Problem to work on:
In the entries, find all lines that hold the word "shows" and copy them.

Material supplied:
*-*-*
lemma strongly_consistent_filter_const:
  assumes "distinct vs"
    and no_span: "\<And>i j l. i < j \<Longrightarrow> j < l \<Longrightarrow> l < length vs \<Longrightarrow>
      P (vs ! i) \<Longrightarrow> P (vs ! j) \<Longrightarrow> P (vs ! l) \<Longrightarrow> \<not> E (vs ! i) (vs ! l)"
  shows "strongly_consistent E (filter P vs) (\<lambda>_. k)"
  unfolding strongly_consistent_def
proof (intro allI impI)
  fix i j l
  let ?ws = "filter P vs" and ?pos = "index vs"
  assume "i < j \<and> j < l \<and> l < length ?ws \<and> E (?ws ! i) (?ws ! l)"
  then have ijl: "i < j" "j < l" "l < length ?ws" and edge: "E (?ws ! i) (?ws ! l)" by auto
  have increasing: "?pos (?ws ! p) < ?pos (?ws ! q)" if "p < q" "q < length ?ws" for p q
    using sorted_wrt_filter[OF sorted_wrt_index[OF assms(1)], of P] that
    by (simp add: sorted_wrt_iff_nth_less)
  have at_pos: "?pos (?ws ! p) < length vs \<and> vs ! ?pos (?ws ! p) = ?ws ! p \<and> P (?ws ! p)"
    if "p < length ?ws" for p
    using index_less_length_nth_index[OF assms(1), of "?ws ! p"] nth_mem[OF that] by auto
  have "\<not> E (?ws ! i) (?ws ! l)"
    using no_span[of "?pos (?ws ! i)" "?pos (?ws ! j)" "?pos (?ws ! l)"]
      increasing[of i j] increasing[of j l] at_pos[of i] at_pos[of j] at_pos[of l] ijl
    by auto
  then show "((\<lambda>_. k) (?ws ! i) = (\<lambda>_. k) (?ws ! j) \<longrightarrow> E (?ws ! j) (?ws ! l)) \<and>
      ((\<lambda>_. k) (?ws ! j) = (\<lambda>_. k) (?ws ! l) \<longrightarrow> E (?ws ! i) (?ws ! j))"
    using edge by blast
qed

lemma pthin_attained:
  assumes "finite V"
  shows "\<exists>vs c. distinct vs \<and> set vs = V \<and> c ` V = {..<pthin V E} \<and> strongly_consistent E vs c"
proof -
  let ?P = "\<lambda>k. \<exists>vs c. distinct vs \<and> set vs = V \<and> c ` V = {..<k} \<and> strongly_consistent E vs c"
  obtain vs where vs: "set vs = V" "distinct vs" using finite_distinct_list[OF assms] by blast
  have "index vs ` V = {..<length vs}"
    using vs index_less_length_nth_index[OF vs(2)] index_nth[OF vs(2)]
    by (force simp: in_set_conv_nth image_iff)
  moreover have "strongly_consistent E vs (index vs)"
    unfolding strongly_consistent_def using index_nth[OF vs(2)] by auto
  ultimately have "?P (length vs)" using vs by blast
  then show ?thesis unfolding pthin_def by (rule LeastI)
qed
*-*-*
Answer for the task:
  shows "strongly_consistent E (filter P vs) (\<lambda>_. k)"
  shows "\<exists>vs c. distinct vs \<and> set vs = V \<and> c ` V = {..<pthin V E} \<and> strongly_consistent E vs c"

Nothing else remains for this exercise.